Via Brad DeLong, a David Leonhart column on how little NAFTA has to do with Ohio's economic woes. Still, I think hearing that the "more important cause of Ohio's jobs exodus is the rise of China, India and the old Soviet bloc" rather than trade with Mexico as such is going to do relatively little to cause Ohions to reverse their skepticism about trade policy. With trade as with every other policy area, most people's understanding of the details is very fuzzy.
"NAFTA" means "recent trade phenomena" and there's no denying that recent trends in international trade have caused economic dislocation in the rust belt. Still, responsible politicians wouldn't be promising to help Ohioans out by renegotiating NAFTA when renegotiating NAFTA won't actually deliver much help to the state. It's a bit of a cynical ploy -- by thundering loudly and pounding the table about the need to renegotiate the deal, you set yourself up for a situation where very minor modifications that barely impact anyone (for good or for ill) count as fulfilling the promise.

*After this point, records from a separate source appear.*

(* For $k\in\mathbb N$ and $i\in\{1,2\}$ let $\mathcal E_k^i$ and $\tilde{\mathcal E}_k^i$ be the Hamiltonian vector fields of $h_k=\frac1k\Re\operatorname{tr}(J^k)$ and $\tilde h_k=\frac1k\Im\operatorname{tr}(J^k)$ with respect to $\{\ ,\ \}_i^{\mathrm{red}}$. Then $$\mathcal E_k^2[q_j]=\mathcal E_{k+1}^1[q_j]=\Re(J^k)_{jj},\qquad \mathcal E_k^2[J]=\mathcal E_{k+1}^1[J]=\tfrac12\big[R(q)(J^k+(J^k)^* )+((J^k)^*-J^k),J\big],$$ $$\tilde{\mathcal E}_k^2[q_j]=\tilde{\mathcal E}_{k+1}^1[q_j]=\Re(-\mathrm iJ^k)_{jj},\qquad \tilde{\mathcal E}_k^2[J]=\tilde{\mathcal E}_{k+1}^1[J]=\tfrac12\big[\mathrm iR(q)((J^k)^*-J^k)+\mathrm i(J^k+(J^k)^* ),J\big].$$ All these vector fields are tangent to the submanifold $\mathfrak M_{0,-}^{\mathrm{reg}}=\{(e^q,J)\in\mathfrak M_0^{\mathrm{reg}}:J^+=0\}$ and to $\mathfrak M_{0,+}^{\mathrm{reg}}=\{(e^q,J)\in\mathfrak M_0^{\mathrm{reg}}:J^-=0\}$. The restrictions $\mathcal V_k^i$ of $\mathcal E_k^i$ to $\mathfrak M_{0,-}^{\mathrm{reg}}$ satisfy $$\mathcal V_k^2[q_j]=\mathcal V_{k+1}^1[q_j]=((J^-)^k)_{jj},\qquad \mathcal V_k^2[J^-]=\mathcal V_{k+1}^1[J^-]=[R(q)(J^-)^k,J^-],$$ while the restrictions of all $\tilde{\mathcal E}_k^i$ to $\mathfrak M_{0,-}^{\mathrm{reg}}$ vanish. Denoting by $\mathcal U_k^i,\tilde{\mathcal U}_k^i$ the restrictions of $\mathcal E_k^i,\tilde{\mathcal E}_k^i$ to $\mathfrak M_{0,+}^{\mathrm{reg}}$, for all $l\in\mathbb N$: $\mathcal U^2_{2l-1}=\mathcal U^1_{2l}=0$, $\tilde{\mathcal U}^2_{2l}=\tilde{\mathcal U}^1_{2l+1}=0$, and $$\mathcal U^2_{2l}[q_j]=\mathcal U^1_{2l+1}[q_j]=\Re((J^+)^{2l})_{jj},\quad \mathcal U^2_{2l}[J^+]=\mathcal U^1_{2l+1}[J^+]=[R(q)(J^+)^{2l},J^+],$$ $$\tilde{\mathcal U}^2_{2l-1}[q_j]=\tilde{\mathcal U}^1_{2l}[q_j]=\Re(-\mathrm i(J^+)^{2l-1})_{jj},\quad \tilde{\mathcal U}^2_{2l-1}[J^+]=\tilde{\mathcal U}^1_{2l}[J^+]=[-\mathrm iR(q)(J^+)^{2l-1},J^+].$$
   Context: $\mathcal G=\mathfrak{gl}(n,\mathbb C)$ (real Lie algebra) with $\langle X,Y\rangle=\Re\operatorname{tr}(XY)$. $\mathcal G^+=\mathfrak u(n)$ (anti-Hermitian), $\mathcal G^-=\mathrm i\,\mathfrak u(n)$ (Hermitian); $X=X^++X^-$ with $X^\pm=\frac12(X\mp X^* )$; $\mathcal G^\pm_0$ are the diagonal matrices in $\mathcal G^\pm$ and $X^-_0$ denotes the diagonal part of $X^-$. $\mathfrak M_0^{\mathrm{reg}}=\{(e^q,J): J\in\mathcal G,\ q=\mathrm{diag}(q_1,\dots,q_n),\ q_i\in\mathbb R,\ q_1>\dots>q_n\}$. For $f\in C^\infty(\mathfrak M_0^{\mathrm{reg}})$: $\nabla_1f\in\mathcal G^-_0$ with $\langle\nabla_1f,X_0\rangle=\frac{d}{dt}|_0f(e^{q+tX_0},J)$ ($X_0\in\mathcal G_0^-$), $d_2f\in\mathcal G$ with $\langle d_2f,X\rangle=\frac{d}{dt}|_0f(e^q,J+tX)$, $\nabla_2f=J\,d_2f$, $\nabla_2'f=(d_2f)J$. $R(q)\in\mathrm{End}(\mathcal G)$: $(R(q)X)_{ii}=0$, $(R(q)X)_{ij}=X_{ij}\coth(q_i-q_j)$ for $i\ne j$. The following formulas define anti-symmetric bi-derivations on $C^\infty(\mathfrak M_0^{\mathrm{reg}})$ (derivatives at $(e^q,J)$): $\{f,h\}_1^{\mathrm{red}}=\langle\nabla_1f,(d_2h)^-_0\rangle-\langle\nabla_1h,(d_2f)^-_0\rangle+\langle R(q)[d_2f,J]^+,(d_2h)^-\rangle-\langle R(q)[d_2h,J]^+,(d_2f)^-\rangle+\langle J^+,[(d_2f)^-,(d_2h)^-]-[(d_2f)^+,(d_2h)^+]\rangle$; $2\{f,h\}_2^{\mathrm{red}}=\langle\nabla_1f,(\nabla_2h+\nabla_2'h)^-_0\rangle-\langle\nabla_1h,(\nabla_2f+\nabla_2'f)^-_0\rangle+\langle R(q)[d_2f,J]^+,(\nabla_2h+\nabla_2'h)^-\rangle-\langle R(q)[d_2h,J]^+,(\nabla_2f+\nabla_2'f)^-\rangle+\langle(\nabla_2f)^-,(\nabla_2'h)^-\rangle+\langle(\nabla_2'f)^+,(\nabla_2h)^+\rangle-\langle(\nabla_2'f)^-,(\nabla_2h)^-\rangle-\langle(\nabla_2f)^+,(\nabla_2'h)^+\rangle$. A vector field $\mathcal E$ on $\mathfrak M_0^{\mathrm{reg}}$ is encoded by the functions $\mathcal E[q]$ ($\mathcal G_0^-$-valued, with diagonal entries $\mathcal E[q_j]$) and $\mathcal E[J]$ ($\mathcal G$-valued), so that $\mathcal E[f]=\langle\nabla_1f,\mathcal E[q]\rangle+\langle d_2f,\mathcal E[J]\rangle$; we write $\mathcal E[J^\pm]=(\mathcal E[J])^\pm$. For a $\mathbb T^n$-invariant $h$ (invariant under $(e^q,J)\mapsto(e^q,\tau J\tau^{-1})$, $\tau$ diagonal unitary), its Hamiltonian vector field w.r.t. $\{\ ,\ \}_i^{\mathrm{red}}$ is the vector field $\mathcal E^i_h$ with $\mathcal E_h^i[f]=\{f,h\}_i^{\mathrm{red}}$ for all $f\in C^\infty(\mathfrak M_0^{\mathrm{reg}})$. *)

theory Defs
  imports "HOL-Analysis.Analysis"
begin

text \<open>Setting: the real Lie algebra gl(n,C), realised as complex matrices indexed by a
finite linearly ordered type 'n (so n = CARD('n)).  A point (e^q, J) of M_0^reg is
represented by the pair (q, J) with q the vector of diagonal entries of the real diagonal
matrix q and J a complex matrix.\<close>

type_synonym 'n cmat = "complex^'n^'n"
type_synonym 'n point = "(real^'n) \<times> 'n cmat"

definition matpow :: "'n::finite cmat \<Rightarrow> nat \<Rightarrow> 'n cmat" where
  "matpow X k = ((\<lambda>Y. X ** Y) ^^ k) (mat 1)"

definition cadj :: "'n::finite cmat \<Rightarrow> 'n cmat" where
  "cadj X = (\<chi> i j. cnj (X $ j $ i))"

definition csmul :: "complex \<Rightarrow> 'n::finite cmat \<Rightarrow> 'n cmat" where
  "csmul c X = (\<chi> i j. c * X $ i $ j)"

definition mtrace :: "'n::finite cmat \<Rightarrow> complex" where
  "mtrace X = (\<Sum>i\<in>UNIV. X $ i $ i)"

definition ip :: "'n::finite cmat \<Rightarrow> 'n cmat \<Rightarrow> real" where
  "ip X Y = Re (mtrace (X ** Y))"

definition Hp :: "'n::finite cmat \<Rightarrow> 'n cmat" where
  "Hp X = (1/2::real) *\<^sub>R (X - cadj X)"

definition Hm :: "'n::finite cmat \<Rightarrow> 'n cmat" where
  "Hm X = (1/2::real) *\<^sub>R (X + cadj X)"

definition diagpart :: "'n::finite cmat \<Rightarrow> 'n cmat" where
  "diagpart X = (\<chi> i j. if i = j then X $ i $ j else 0)"

definition Hm0 :: "'n::finite cmat \<Rightarrow> 'n cmat" where
  "Hm0 X = diagpart (Hm X)"

definition comm :: "'n::finite cmat \<Rightarrow> 'n cmat \<Rightarrow> 'n cmat" where
  "comm X Y = X ** Y - Y ** X"

definition G0m :: "'n::finite cmat set" where
  "G0m = {X. (\<forall>i j. i \<noteq> j \<longrightarrow> X $ i $ j = 0) \<and> (\<forall>i. Im (X $ i $ i) = 0)}"

definition diagmat :: "real^'n::finite \<Rightarrow> 'n cmat" where
  "diagmat v = (\<chi> i j. if i = j then complex_of_real (v $ i) else 0)"

definition diagvec :: "'n::finite cmat \<Rightarrow> real^'n" where
  "diagvec X = (\<chi> i. Re (X $ i $ i))"

definition coth :: "real \<Rightarrow> real" where
  "coth x = cosh x / sinh x"

definition Rq :: "real^'n::finite \<Rightarrow> 'n cmat \<Rightarrow> 'n cmat" where
  "Rq q X = (\<chi> i j. if i = j then 0 else X $ i $ j * complex_of_real (coth (q $ i - q $ j)))"

definition M0reg :: "('n::{finite,linorder}) point set" where
  "M0reg = {(q, J). \<forall>i j. i < j \<longrightarrow> q $ j < q $ i}"

fun Ck_on :: "nat \<Rightarrow> 'a::euclidean_space set \<Rightarrow> ('a \<Rightarrow> real) \<Rightarrow> bool" where
  "Ck_on 0 S f = continuous_on S f"
| "Ck_on (Suc k) S f = ((\<forall>x\<in>S. f differentiable (at x)) \<and>
      (\<forall>b\<in>Basis. Ck_on k S (\<lambda>x. frechet_derivative f (at x) b)))"

definition smooth_on :: "'a::euclidean_space set \<Rightarrow> ('a \<Rightarrow> real) \<Rightarrow> bool" where
  "smooth_on S f = (\<forall>k. Ck_on k S f)"

definition nabla1 :: "('n::finite point \<Rightarrow> real) \<Rightarrow> 'n point \<Rightarrow> 'n cmat" where
  "nabla1 f p = (THE Y. Y \<in> G0m \<and>
     (\<forall>X\<in>G0m. ip Y X = deriv (\<lambda>t. f (fst p + t *\<^sub>R diagvec X, snd p)) 0))"

definition d2 :: "('n::finite point \<Rightarrow> real) \<Rightarrow> 'n point \<Rightarrow> 'n cmat" where
  "d2 f p = (THE Y. \<forall>X. ip Y X = deriv (\<lambda>t. f (fst p, snd p + t *\<^sub>R X)) 0)"

definition nabla2 :: "('n::finite point \<Rightarrow> real) \<Rightarrow> 'n point \<Rightarrow> 'n cmat" where
  "nabla2 f p = snd p ** d2 f p"

definition nabla2' :: "('n::finite point \<Rightarrow> real) \<Rightarrow> 'n point \<Rightarrow> 'n cmat" where
  "nabla2' f p = d2 f p ** snd p"

definition red_bracket1 :: "('n::finite point \<Rightarrow> real) \<Rightarrow> ('n point \<Rightarrow> real) \<Rightarrow> 'n point \<Rightarrow> real" where
  "red_bracket1 f h p = (let q = fst p; J = snd p in
      ip (nabla1 f p) (Hm0 (d2 h p)) - ip (nabla1 h p) (Hm0 (d2 f p))
    + ip (Rq q (Hp (comm (d2 f p) J))) (Hm (d2 h p))
    - ip (Rq q (Hp (comm (d2 h p) J))) (Hm (d2 f p))
    + ip (Hp J) (comm (Hm (d2 f p)) (Hm (d2 h p)) - comm (Hp (d2 f p)) (Hp (d2 h p))))"

definition red_bracket2 :: "('n::finite point \<Rightarrow> real) \<Rightarrow> ('n point \<Rightarrow> real) \<Rightarrow> 'n point \<Rightarrow> real" where
  "red_bracket2 f h p = (1/2) * (let q = fst p; J = snd p in
      ip (nabla1 f p) (Hm0 (nabla2 h p + nabla2' h p))
    - ip (nabla1 h p) (Hm0 (nabla2 f p + nabla2' f p))
    + ip (Rq q (Hp (comm (d2 f p) J))) (Hm (nabla2 h p + nabla2' h p))
    - ip (Rq q (Hp (comm (d2 h p) J))) (Hm (nabla2 f p + nabla2' f p))
    + ip (Hm (nabla2 f p)) (Hm (nabla2' h p)) + ip (Hp (nabla2' f p)) (Hp (nabla2 h p))
    - ip (Hm (nabla2' f p)) (Hm (nabla2 h p)) - ip (Hp (nabla2 f p)) (Hp (nabla2' h p)))"

definition red_bracket :: "nat \<Rightarrow> ('n::finite point \<Rightarrow> real) \<Rightarrow> ('n point \<Rightarrow> real) \<Rightarrow> 'n point \<Rightarrow> real" where
  "red_bracket i f h p = (if i = 1 then red_bracket1 f h p else red_bracket2 f h p)"

text \<open>A vector field E is encoded by Eq (the diagonal entries E[q_j]) and EJ (= E[J]);
  E[f] = \<langle>\<nabla>_1 f, E[q]\<rangle> + \<langle>d_2 f, E[J]\<rangle>.\<close>
definition vf_apply :: "('n::finite point \<Rightarrow> real^'n) \<Rightarrow> ('n point \<Rightarrow> 'n cmat)
    \<Rightarrow> ('n point \<Rightarrow> real) \<Rightarrow> 'n point \<Rightarrow> real" where
  "vf_apply Eq EJ f p = ip (nabla1 f p) (diagmat (Eq p)) + ip (d2 f p) (EJ p)"

definition is_ham_vf :: "nat \<Rightarrow> ('n::{finite,linorder} point \<Rightarrow> real)
    \<Rightarrow> ('n::{finite,linorder} point \<Rightarrow> real^('n::{finite,linorder}))
    \<Rightarrow> ('n::{finite,linorder} point \<Rightarrow> 'n::{finite,linorder} cmat) \<Rightarrow> bool" where
  "is_ham_vf i h Eq EJ = (\<forall>f. smooth_on M0reg f \<longrightarrow>
      (\<forall>p\<in>M0reg. vf_apply Eq EJ f p = red_bracket i f h p))"

definition hk :: "nat \<Rightarrow> 'n::finite point \<Rightarrow> real" where
  "hk k p = (1 / real k) * Re (mtrace (matpow (snd p) k))"

definition htk :: "nat \<Rightarrow> 'n::finite point \<Rightarrow> real" where
  "htk k p = (1 / real k) * Im (mtrace (matpow (snd p) k))"

end

theory Submission
  imports Defs
begin

text \<open>Both Hamiltonians \<open>Re tr(J\<^sup>k)/k\<close> and \<open>Im tr(J\<^sup>k)/k\<close> are of the form \<open>Re tr(cJ\<^sup>k)/k\<close>
  with \<open>c = 1\<close> resp. \<open>c = -i\<close>: they do not depend on \<open>q\<close>, and their gradient \<open>d\<^sub>2h = cJ\<^sup>k\<^sup>-\<^sup>1\<close> commutes with \<open>J\<close>.
  For a Hamiltonian with \<open>\<nabla>\<^sub>1h = 0\<close> and \<open>d\<^sub>2h = \<Phi>\<close> (first bracket), resp. \<open>J d\<^sub>2h = \<Phi>\<close>
  (second bracket), with \<open>[\<Phi>, J] = 0\<close>, skewness of \<open>R(q)\<close> and invariance of the pairing
  collapse the reduced bracket to \<open>\<langle>\<nabla>\<^sub>1f, diag Re \<Phi>\<rangle> + \<langle>d\<^sub>2f, [R(q)\<Phi>\<^sup>- - \<Phi>\<^sup>+, J]\<rangle>\<close>;
  testing against the coordinates \<open>q\<^sub>j\<close> and the linear functions \<open>\<langle>A, J\<rangle>\<close> identifies the
  vector field, and \<open>\<Phi> = cJ\<^sup>K\<close> gives the same field for \<open>h\<^sub>K\<^sub>+\<^sub>1\<close> and the first bracket as for
  \<open>h\<^sub>K\<close> and the second one.

  On the loci \<open>J\<^sup>+ = 0\<close> and \<open>J\<^sup>- = 0\<close>, \<open>\<Phi> = cJ\<^sup>K\<close> is Hermitian or anti-Hermitian,
  according to \<open>c\<close> and the parity of \<open>K\<close>. An anti-Hermitian \<open>\<Phi>\<close> generates the zero field;
  a Hermitian one generates \<open>[R(q)\<Phi>, J]\<close>, which is Hermitian or anti-Hermitian together
  with \<open>J\<close>. This gives tangency and the restricted fields.\<close>

section \<open>Matrix algebra in gl(n, C)\<close>

lemma matpow_0 [simp]: "matpow X 0 = mat 1"
  by (simp add: matpow_def)

lemma matpow_Suc: "matpow X (Suc k) = X ** matpow X k"
  by (simp add: matpow_def)

lemma matpow_add: "matpow X (a + b) = matpow X a ** matpow X b"
  by (induction a) (simp_all add: matpow_Suc matrix_mul_assoc)

lemma matpow_Suc': "matpow X (Suc k) = matpow X k ** X"
  using matpow_add[of X k 1] by (simp add: matpow_Suc)

lemma matpow_commute: "matpow X k ** X = X ** matpow X k"
  by (metis matpow_Suc matpow_Suc')

lemma matrix_add_rdistrib: "(B + C) ** A = B ** A + C ** (A::'n::finite cmat)"
  by (vector matrix_matrix_mult_def sum.distrib[symmetric] field_simps)

lemma matrix_diff_ldistrib: "A ** (B - C) = A ** B - A ** (C::'n::finite cmat)"
  by (vector matrix_matrix_mult_def sum_subtractf[symmetric] field_simps)

lemma matrix_diff_rdistrib: "(B - C) ** A = B ** A - C ** (A::'n::finite cmat)"
  by (vector matrix_matrix_mult_def sum_subtractf[symmetric] field_simps)

lemma matrix_mult_csmul_right: "A ** csmul c B = csmul c (A ** (B::'n::finite cmat))"
  by (simp add: csmul_def matrix_matrix_mult_def vec_eq_iff sum_distrib_left mult.left_commute)

lemma matrix_mult_csmul_left: "csmul c B ** A = csmul c (B ** (A::'n::finite cmat))"
  by (simp add: csmul_def matrix_matrix_mult_def vec_eq_iff sum_distrib_left mult.assoc)

lemma csmul_zero [simp]: "csmul c 0 = 0"
  by (simp add: csmul_def vec_eq_iff)

lemma csmul_one [simp]: "csmul 1 X = X"
  by (simp add: csmul_def vec_eq_iff)

lemma trace_scaleR: "trace (r *\<^sub>R (A::'n::finite cmat)) = of_real r * trace A"
proof -
  have "trace (r *\<^sub>R A) = r *\<^sub>R trace A"
    by (simp add: trace_def scaleR_sum_right)
  then show ?thesis
    by (simp add: scaleR_conv_of_real)
qed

I'm not so sure. The EU has some - limited - common rules on labour issues, and they are probably necessary to keep political support in eg. France and Germany as some manufacturing activity is displaced into Eastern Europe, even if some jobs are really moving to China etc. A wider scope of economic exchange will - to some degree - create demands for a wider scope of economic regulation, and there's little reason to resist it, so long as the amount of international social policy doesn't bite to hard into the comparative advantage of the developing countries.